Until the last line is reached, keep transcribing the material exactly.

■ **DATA RECORDS**
^^^^

(* Let $\Lambda=KQ/\langle I\rangle$ be a $1$-Gorenstein gentle algebra over an algebraically closed field $K$, with Cohen–Macaulay Auslander algebra $\Gamma=KQ^{Aus}/\langle I^{Aus}\rangle$ and functor $\Phi:\mathrm{mod}\,\Lambda\to\mathrm{mod}\,\Gamma$, $M\mapsto\widehat{M}$, as described in the context. Let $M$ be a Gorenstein projective $\Lambda$-module, $e$ a dimension vector for $Q$, and $U,N$ $\Lambda$-modules. Suppose that the stratum $\mathcal{S}_{[U]}$ of $\mathrm{Gr}_e(M)$ has non-empty intersection with the closure $\overline{\mathcal{S}_{[N]}}$. Then $\underline{\dim}\,\widehat{U}\leq\underline{\dim}\,\widehat{N}$ componentwise, as dimension vectors of representations of $\Gamma$.
   Context: Conventions: arrows $\alpha:s(\alpha)\to t(\alpha)$; paths composed right to left ($\beta\alpha$ means $\alpha$ then $\beta$). A gentle algebra is a finite dimensional $\Lambda=KQ/\langle I\rangle$ where $I$ is a set of length-$2$ paths such that: each vertex is the start of at most two and the end of at most two arrows; for each arrow $\alpha$ there is at most one arrow $\beta$ with $t(\beta)=s(\alpha)$, $\alpha\beta\notin I$, at most one $\gamma$ with $s(\gamma)=t(\alpha)$, $\gamma\alpha\notin I$, at most one $\beta$ with $t(\beta)=s(\alpha)$, $\alpha\beta\in I$, and at most one $\gamma$ with $s(\gamma)=t(\alpha)$, $\gamma\alpha\in I$. $\Lambda$ is $1$-Gorenstein if its injective dimension as a left and as a right module is at most $1$. Modules are finite dimensional left modules (representations of $(Q,I)$). A $\Lambda$-module $G$ is Gorenstein projective if there is an exact complex $\cdots\to P^{-1}\to P^0\xrightarrow{d^0}P^1\to\cdots$ of projective $\Lambda$-modules which remains exact under $\mathrm{Hom}_\Lambda(-,\Lambda)$ and with $G\cong\mathrm{Ker}\,d^0$. $\mathcal{C}(\Lambda)$ is the set of repetition-free cyclic paths $\alpha_1\cdots\alpha_n$ (up to cyclic permutation) with $\alpha_i\alpha_{i+1}\in I$ for all $i$ (indices mod $n$); $Q_1^{cyc}$ is the set of arrows on such cycles, $Q_1^{ncyc}=Q_1\setminus Q_1^{cyc}$. $Q^{Aus}$ has vertices $Q_0\sqcup Q_1^{cyc}$ and arrows $Q_1^{ncyc}\sqcup\{\alpha^+:s(\alpha)\to\alpha\}_{\alpha\in Q_1^{cyc}}\sqcup\{\alpha^-:\alpha\to t(\alpha)\}_{\alpha\in Q_1^{cyc}}$; $I^{Aus}=\{\beta^+\alpha^-\mid\beta\alpha\in I,\ \alpha,\beta\in Q_1^{cyc}\}\cup\{\beta\alpha\mid\beta\alpha\in I,\ \alpha,\beta\in Q_1^{ncyc}\}$; $\Gamma=KQ^{Aus}/\langle I^{Aus}\rangle$. $\Phi(M)=\widehat{M}$ has $\widehat{M}_i=M_i$ ($i\in Q_0$), $\widehat{M}_\alpha=\mathrm{Im}\,M_\alpha$ ($\alpha\in Q_1^{cyc}$), $\widehat{M}_\beta=M_\beta$ ($\beta\in Q_1^{ncyc}$), and $\widehat{M}_{\alpha^+}$, $\widehat{M}_{\alpha^-}$ the surjection $M_{s(\alpha)}\to\mathrm{Im}\,M_\alpha$ and inclusion $\mathrm{Im}\,M_\alpha\to M_{t(\alpha)}$ factoring $M_\alpha$. $\mathrm{Gr}_e(M)$ is the quiver Grassmannian (projective variety) of submodules of $M$ of dimension vector $e$; for a $\Lambda$-module $N$, $\mathcal{S}_{[N]}\subseteq\mathrm{Gr}_e(M)$ is the (locally closed, irreducible) subset of submodules isomorphic to $N$. *)

theory Defs
  imports Main "HOL-Library.Function_Algebras" "HOL-Library.Countable"
    "HOL-Computational_Algebra.Polynomial"
begin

^^^^

■ **EXPECTED OUTPUT**
(* Let $\Lambda=KQ/\langle I\rangle$ be a $1$-Gorenstein gentle algebra over an algebraically closed field $K$, with Cohen–Macaulay Auslander algebra $\Gamma=KQ^{Aus}/\langle I^{Aus}\rangle$ and functor $\Phi:\mathrm{mod}\,\Lambda\to\mathrm{mod}\,\Gamma$, $M\mapsto\widehat{M}$, as described in the context. Let $M$ be a Gorenstein projective $\Lambda$-module, $e$ a dimension vector for $Q$, and $U,N$ $\Lambda$-modules. Suppose that the stratum $\mathcal{S}_{[U]}$ of $\mathrm{Gr}_e(M)$ has non-empty intersection with the closure $\overline{\mathcal{S}_{[N]}}$. Then $\underline{\dim}\,\widehat{U}\leq\underline{\dim}\,\widehat{N}$ componentwise, as dimension vectors of representations of $\Gamma$.
   Context: Conventions: arrows $\alpha:s(\alpha)\to t(\alpha)$; paths composed right to left ($\beta\alpha$ means $\alpha$ then $\beta$). A gentle algebra is a finite dimensional $\Lambda=KQ/\langle I\rangle$ where $I$ is a set of length-$2$ paths such that: each vertex is the start of at most two and the end of at most two arrows; for each arrow $\alpha$ there is at most one arrow $\beta$ with $t(\beta)=s(\alpha)$, $\alpha\beta\notin I$, at most one $\gamma$ with $s(\gamma)=t(\alpha)$, $\gamma\alpha\notin I$, at most one $\beta$ with $t(\beta)=s(\alpha)$, $\alpha\beta\in I$, and at most one $\gamma$ with $s(\gamma)=t(\alpha)$, $\gamma\alpha\in I$. $\Lambda$ is $1$-Gorenstein if its injective dimension as a left and as a right module is at most $1$. Modules are finite dimensional left modules (representations of $(Q,I)$). A $\Lambda$-module $G$ is Gorenstein projective if there is an exact complex $\cdots\to P^{-1}\to P^0\xrightarrow{d^0}P^1\to\cdots$ of projective $\Lambda$-modules which remains exact under $\mathrm{Hom}_\Lambda(-,\Lambda)$ and with $G\cong\mathrm{Ker}\,d^0$. $\mathcal{C}(\Lambda)$ is the set of repetition-free cyclic paths $\alpha_1\cdots\alpha_n$ (up to cyclic permutation) with $\alpha_i\alpha_{i+1}\in I$ for all $i$ (indices mod $n$); $Q_1^{cyc}$ is the set of arrows on such cycles, $Q_1^{ncyc}=Q_1\setminus Q_1^{cyc}$. $Q^{Aus}$ has vertices $Q_0\sqcup Q_1^{cyc}$ and arrows $Q_1^{ncyc}\sqcup\{\alpha^+:s(\alpha)\to\alpha\}_{\alpha\in Q_1^{cyc}}\sqcup\{\alpha^-:\alpha\to t(\alpha)\}_{\alpha\in Q_1^{cyc}}$; $I^{Aus}=\{\beta^+\alpha^-\mid\beta\alpha\in I,\ \alpha,\beta\in Q_1^{cyc}\}\cup\{\beta\alpha\mid\beta\alpha\in I,\ \alpha,\beta\in Q_1^{ncyc}\}$; $\Gamma=KQ^{Aus}/\langle I^{Aus}\rangle$. $\Phi(M)=\widehat{M}$ has $\widehat{M}_i=M_i$ ($i\in Q_0$), $\widehat{M}_\alpha=\mathrm{Im}\,M_\alpha$ ($\alpha\in Q_1^{cyc}$), $\widehat{M}_\beta=M_\beta$ ($\beta\in Q_1^{ncyc}$), and $\widehat{M}_{\alpha^+}$, $\widehat{M}_{\alpha^-}$ the surjection $M_{s(\alpha)}\to\mathrm{Im}\,M_\alpha$ and inclusion $\mathrm{Im}\,M_\alpha\to M_{t(\alpha)}$ factoring $M_\alpha$. $\mathrm{Gr}_e(M)$ is the quiver Grassmannian (projective variety) of submodules of $M$ of dimension vector $e$; for a $\Lambda$-module $N$, $\mathcal{S}_{[N]}\subseteq\mathrm{Gr}_e(M)$ is the (locally closed, irreducible) subset of submodules isomorphic to $N$. *)

theory Defs
  imports Main "HOL-Library.Function_Algebras" "HOL-Library.Countable"
    "HOL-Computational_Algebra.Polynomial"
begin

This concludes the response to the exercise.